■ Exercise material ■
::::
(* Let $n\ge2$, $\rho\ge0$, $\xi_n=\frac{n+1}{n-1}$, and let $\lambda_0,\dots,\lambda_{n-1}$ be the eigenvalues of $K_n(\rho)$ labeled as described in the context. Then $K_n(\rho)$ has exactly two extraordinary eigenvalues ($\lambda_0$ and $\lambda_1$) when $\rho>\xi_n$, exactly one ($\lambda_0$) when $1<\rho\le\xi_n$, and none when $0\le\rho\le1$. Furthermore: when $\rho=0$: $\lambda_{n-1}=\dots=\lambda_1=\lambda_0=1$; when $0<\rho<1$: $0<\frac{1-\rho}{1+\rho}<\lambda_{n-1}<\lambda_{n-2}<\dots<\lambda_1<\lambda_0<\frac{1+\rho}{1-\rho}$; when $\rho=1$: $\lambda_1=\dots=\lambda_{n-1}=0<\lambda_0=n$; when $1<\rho<\xi_n$: $-\frac{\rho+1}{\rho-1}<\lambda_1<\lambda_2<\dots<\lambda_{n-1}<-\frac{\rho-1}{\rho+1}<0<n<\lambda_0$; when $\rho=\xi_n$: $-n=\lambda_1<\lambda_2<\dots<\lambda_{n-1}<-\frac1n<0<n<\lambda_0$; when $\rho>\xi_n$: $\lambda_1<-n<-\frac{\rho+1}{\rho-1}<\lambda_2<\dots<\lambda_{n-1}<-\frac{\rho-1}{\rho+1}<0<n<\lambda_0$.
   Context: $K_n(\rho)=\left[\rho^{|j-k|}\right]_{j,k=1}^n$ (with $\rho^0=1$). Ordinary/extraordinary: with $\sigma(\rho,\theta)=\frac{1-\rho^2}{1-2\rho\cos\theta+\rho^2}$ and $\mathrm{range}\{\sigma(\rho,\theta)\}=\{\sigma(\rho,\theta):\theta\in(-\pi,\pi]\}$, for real $\rho\notin\{\pm1\}$ an eigenvalue is ordinary if it lies in $\mathrm{range}\{\sigma(\rho,\theta)\}$; for $\rho\in\{0,\pm1\}$ all eigenvalues are ordinary; extraordinary means not ordinary. Labeling: $\lambda_k=\frac{1-\rho^2}{1-2\rho\cos\mu_k+\rho^2}=(-1)^k\frac{\sin n\mu_k}{\sin\mu_k}$ (indeterminate forms read as limits), where, with $c_n^{(t)}(\mu)=\frac{\cos\frac{\mu(n+1)}{2}}{\cos\frac{\mu(n-1)}{2}}$, $s_n^{(t)}(\mu)=\frac{\sin\frac{\mu(n+1)}{2}}{\sin\frac{\mu(n-1)}{2}}$, $c_n^{(h)}(x)=c_n^{(t)}(ix)$, $s_n^{(h)}(x)=s_n^{(t)}(ix)$ (extended continuously at $0$), $\alpha_k=\frac{(k-1)\pi}{n-1}$, $\beta_k=\frac{k\pi}{n}$, $\gamma_k=\frac{(k+1)\pi}{n+1}$: $\mu_0=ix_0$ with $x_0$ the unique root of $c_n^{(h)}(x)=\rho$ in $[0,\infty)$ if $\rho\ge1$, and the unique root of $c_n^{(t)}(\mu)=\rho$ in $[0,\gamma_0]$ if $0\le\rho\le1$; $\mu_1=ix_1$ with $x_1$ the unique root of $s_n^{(h)}(x)=\rho$ in $[0,\infty)$ if $\rho\ge\xi_n$, the unique root of $s_n^{(t)}(\mu)=\rho$ in $[0,\beta_1]$ if $1\le\rho\le\xi_n$, and in $[\beta_1,\gamma_1]$ if $0\le\rho\le1$; for even $k\ge2$ ($k\le n-1$), $\mu_k$ is the unique root of $c_n^{(t)}(\mu)=\rho$ in $(\alpha_k,\beta_k]$ if $\rho\ge1$ and in $[\beta_k,\gamma_k]$ if $0\le\rho\le1$; for odd $k\ge3$ ($k\le n-1$), the same with $s_n^{(t)}$ in place of $c_n^{(t)}$. *)

theory Defs
  imports Complex_Main "Jordan_Normal_Form.Char_Poly"
begin

text \<open>The Kac-Murdock-Szego matrix K_n(rho) = [rho^|j-k|], indices 0..n-1 (0^0 = 1).\<close>
definition KMS :: "nat \<Rightarrow> real \<Rightarrow> real mat" where
  "KMS n \<rho> = mat n n (\<lambda>(j,k). \<rho> ^ (if j \<le> k then k - j else j - k))"

definition xi :: "nat \<Rightarrow> real" where
  "xi n = (real n + 1) / (real n - 1)"

definition sigma :: "real \<Rightarrow> real \<Rightarrow> real" where
  "sigma \<rho> \<theta> = (1 - \<rho>\<^sup>2) / (1 - 2 * \<rho> * cos \<theta> + \<rho>\<^sup>2)"

definition ordinary :: "real \<Rightarrow> real \<Rightarrow> bool" where
  "ordinary \<rho> l = (\<rho> \<in> {0, 1, -1} \<or> l \<in> {sigma \<rho> \<theta> | \<theta>. -pi < \<theta> \<and> \<theta> \<le> pi})"

definition extraordinary :: "real \<Rightarrow> real \<Rightarrow> bool" where
  "extraordinary \<rho> l = (\<not> ordinary \<rho> l)"

text \<open>The functions c_n^(t), s_n^(t), c_n^(h), s_n^(h), continuously extended at 0.
  Away from 0, a root is only accepted where the denominator is nonzero (see ct_ok, st_ok).\<close>
definition ct :: "nat \<Rightarrow> real \<Rightarrow> real" where
  "ct n \<mu> = cos (\<mu> * (real n + 1) / 2) / cos (\<mu> * (real n - 1) / 2)"
definition st :: "nat \<Rightarrow> real \<Rightarrow> real" where
  "st n \<mu> = (if \<mu> = 0 then (real n + 1) / (real n - 1)
             else sin (\<mu> * (real n + 1) / 2) / sin (\<mu> * (real n - 1) / 2))"
definition ch :: "nat \<Rightarrow> real \<Rightarrow> real" where
  "ch n x = cosh (x * (real n + 1) / 2) / cosh (x * (real n - 1) / 2)"
definition sh :: "nat \<Rightarrow> real \<Rightarrow> real" where
  "sh n x = (if x = 0 then (real n + 1) / (real n - 1)
             else sinh (x * (real n + 1) / 2) / sinh (x * (real n - 1) / 2))"

definition ct_root :: "nat \<Rightarrow> real \<Rightarrow> real \<Rightarrow> bool" where
  "ct_root n \<rho> \<mu> = (cos (\<mu> * (real n - 1) / 2) \<noteq> 0 \<and> ct n \<mu> = \<rho>)"
definition st_root :: "nat \<Rightarrow> real \<Rightarrow> real \<Rightarrow> bool" where
  "st_root n \<rho> \<mu> = ((\<mu> = 0 \<or> sin (\<mu> * (real n - 1) / 2) \<noteq> 0) \<and> st n \<mu> = \<rho>)"

definition alpha :: "nat \<Rightarrow> nat \<Rightarrow> real" where "alpha n k = (real k - 1) * pi / (real n - 1)"
definition beta :: "nat \<Rightarrow> nat \<Rightarrow> real" where "beta n k = real k * pi / real n"
definition gamma :: "nat \<Rightarrow> nat \<Rightarrow> real" where "gamma n k = (real k + 1) * pi / (real n + 1)"

definition mu :: "nat \<Rightarrow> real \<Rightarrow> nat \<Rightarrow> complex" where
  "mu n \<rho> k =
    (if k = 0 then
       (if \<rho> \<ge> 1 then \<i> * complex_of_real (THE x. 0 \<le> x \<and> ch n x = \<rho>)
        else complex_of_real (THE m. 0 \<le> m \<and> m \<le> gamma n 0 \<and> ct_root n \<rho> m))
     else if k = 1 then
       (if \<rho> \<ge> xi n then \<i> * complex_of_real (THE x. 0 \<le> x \<and> sh n x = \<rho>)
        else if \<rho> \<ge> 1 then complex_of_real (THE m. 0 \<le> m \<and> m \<le> beta n 1 \<and> st_root n \<rho> m)
        else complex_of_real (THE m. beta n 1 \<le> m \<and> m \<le> gamma n 1 \<and> st_root n \<rho> m))
     else if even k then
       (if \<rho> \<ge> 1 then complex_of_real (THE m. alpha n k < m \<and> m \<le> beta n k \<and> ct_root n \<rho> m)
        else complex_of_real (THE m. beta n k \<le> m \<and> m \<le> gamma n k \<and> ct_root n \<rho> m))
     else
       (if \<rho> \<ge> 1 then complex_of_real (THE m. alpha n k < m \<and> m \<le> beta n k \<and> st_root n \<rho> m)
        else complex_of_real (THE m. beta n k \<le> m \<and> m \<le> gamma n k \<and> st_root n \<rho> m)))"

text \<open>sin(n z)/sin z, read as its limit n cos(n z)/cos z where sin z = 0.\<close>
definition dirichlet_ratio :: "nat \<Rightarrow> complex \<Rightarrow> complex" where
  "dirichlet_ratio n z = (if sin z = 0 then of_nat n * cos (of_nat n * z) / cos z
                          else sin (of_nat n * z) / sin z)"

text \<open>lambda_k = (-1)^k sin(n mu_k)/sin(mu_k) (real for real or purely imaginary mu_k).\<close>
definition lam :: "nat \<Rightarrow> real \<Rightarrow> nat \<Rightarrow> real" where
  "lam n \<rho> k = Re ((-1) ^ k * dirichlet_ratio n (mu n \<rho> k))"

end

theory Submission
  imports Defs "HOL-Analysis.Complex_Transcendental"
begin

text \<open>
  The tridiagonal matrix \<open>T = (1 - \<rho>\<^sup>2) K\<^sub>n(\<rho>)\<^sup>-\<^sup>1\<close> turns the eigenproblem of \<open>K\<^sub>n(\<rho>)\<close> into a
  three-term recurrence: for \<open>0 < \<rho> \<noteq> 1\<close>, \<open>x\<close> is an eigenvalue of \<open>K\<^sub>n(\<rho>)\<close> iff
  \<open>\<tau> = (1 - \<rho>\<^sup>2) / x\<close> is one of \<open>T\<close>, and writing \<open>\<tau> = 1 + \<rho>\<^sup>2 - 2\<rho>C\<close> an eigenvector solves
  \<open>v\<^sub>j\<^sub>+\<^sub>1 = 2C v\<^sub>j - v\<^sub>j\<^sub>-\<^sub>1\<close> with one boundary condition at each end.
  If \<open>|C| \<le> 1\<close> then \<open>x = \<sigma>(\<rho>, arccos C)\<close> is ordinary. If \<open>C = cosh t\<close> with \<open>t > 0\<close>, the solution
  is a combination of \<open>sinh (j t)\<close>, and the two boundary conditions together say
  \<open>(sinh A - \<rho> sinh B)(cosh A - \<rho> cosh B) = 0\<close> for \<open>A, B = t (n \<plusminus> 1) / 2\<close>, i.e.
  \<open>c\<^sub>n\<^sup>(\<^sup>h\<^sup>)(t) = \<rho>\<close> or \<open>s\<^sub>n\<^sup>(\<^sup>h\<^sup>)(t) = \<rho>\<close>; the case \<open>C < -1\<close> reduces to \<open>C > 1\<close> with \<open>-\<rho>\<close> in place
  of \<open>\<rho>\<close>, where these equations have no solution. As \<open>c\<^sub>n\<^sup>(\<^sup>h\<^sup>)\<close> increases from \<open>1\<close> and
  \<open>s\<^sub>n\<^sup>(\<^sup>h\<^sup>)\<close> from \<open>\<xi>\<^sub>n\<close>, the extraordinary eigenvalues are exactly \<open>\<lambda>\<^sub>0\<close> (for \<open>\<rho> > 1\<close>) and
  \<open>\<lambda>\<^sub>1\<close> (for \<open>\<rho> > \<xi>\<^sub>n\<close>). For real \<open>\<mu>\<^sub>k\<close> the same identities give \<open>\<lambda>\<^sub>k = \<sigma>(\<rho>, \<mu>\<^sub>k)\<close>; the
  ordering follows because \<open>c\<^sub>n\<^sup>(\<^sup>t\<^sup>)\<close> and \<open>s\<^sub>n\<^sup>(\<^sup>t\<^sup>)\<close> are strictly monotone between their poles, which
  places the \<open>\<mu>\<^sub>k\<close> in disjoint increasing intervals of \<open>[0, \<pi>]\<close>, and \<open>\<sigma>(\<rho>, \<cdot>)\<close> is monotone there.
\<close>

section \<open>The tridiagonal inverse of the KMS matrix\<close>

definition kms_apply :: "nat \<Rightarrow> real \<Rightarrow> (nat \<Rightarrow> real) \<Rightarrow> nat \<Rightarrow> real" where
  "kms_apply n \<rho> v j = (\<Sum>l<n. \<rho> ^ (if j \<le> l then l - j else j - l) * v l)"

lemma KMS_mult_vec: "j < n \<Longrightarrow> (KMS n \<rho> *\<^sub>v Matrix.vec n v) $ j = kms_apply n \<rho> v j"
  unfolding KMS_def kms_apply_def by (simp add: scalar_prod_def atLeast0LessThan)

lemma eigenvalue_KMS_iff:
  "eigenvalue (KMS n \<rho>) x \<longleftrightarrow> (\<exists>v. (\<exists>j<n. v j \<noteq> 0) \<and> (\<forall>j<n. kms_apply n \<rho> v j = x * v j))"
proof
  assume "eigenvalue (KMS n \<rho>) x"
  then obtain w where w: "w \<in> carrier_vec n" "w \<noteq> 0\<^sub>v n" "KMS n \<rho> *\<^sub>v w = x \<cdot>\<^sub>v w"
    unfolding eigenvalue_def eigenvector_def KMS_def by auto
  have w_vec: "w = Matrix.vec n (\<lambda>j. w $ j)"
    using w(1) by auto
  have "\<exists>j<n. w $ j \<noteq> 0"
    using w(1,2) by (metis eq_vecI index_zero_vec(1,2) carrier_vecD)
  moreover have "kms_apply n \<rho> (\<lambda>j. w $ j) j = x * w $ j" if "j < n" for j
    using arg_cong[OF w(3), of "\<lambda>u. u $ j"] KMS_mult_vec[OF that, of \<rho> "\<lambda>j. w $ j"] w_vec w(1) that
    by simp
  ultimately show "\<exists>v. (\<exists>j<n. v j \<noteq> 0) \<and> (\<forall>j<n. kms_apply n \<rho> v j = x * v j)"
    by blast
next
  assume "\<exists>v. (\<exists>j<n. v j \<noteq> 0) \<and> (\<forall>j<n. kms_apply n \<rho> v j = x * v j)"
  then obtain v where v: "\<exists>j<n. v j \<noteq> 0" "\<forall>j<n. kms_apply n \<rho> v j = x * v j"
    by blast
  have "Matrix.vec n v \<noteq> 0\<^sub>v n"
    using v(1) by (metis index_vec index_zero_vec(1))
  moreover have "KMS n \<rho> *\<^sub>v Matrix.vec n v = x \<cdot>\<^sub>v Matrix.vec n v"
    by (rule eq_vecI) (simp_all add: KMS_mult_vec v(2), simp_all add: KMS_def)
  ultimately show "eigenvalue (KMS n \<rho>) x"
    unfolding eigenvalue_def eigenvector_def
    by (intro exI[of _ "Matrix.vec n v"]) (simp add: KMS_def)
qed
::::
Your answer must be the line containing "by (rule eq_vecI)" through the last line above, copied exactly, with nothing added.

    by (rule eq_vecI) (simp_all add: KMS_mult_vec v(2), simp_all add: KMS_def)
  ultimately show "eigenvalue (KMS n \<rho>) x"
    unfolding eigenvalue_def eigenvector_def
    by (intro exI[of _ "Matrix.vec n v"]) (simp add: KMS_def)
qed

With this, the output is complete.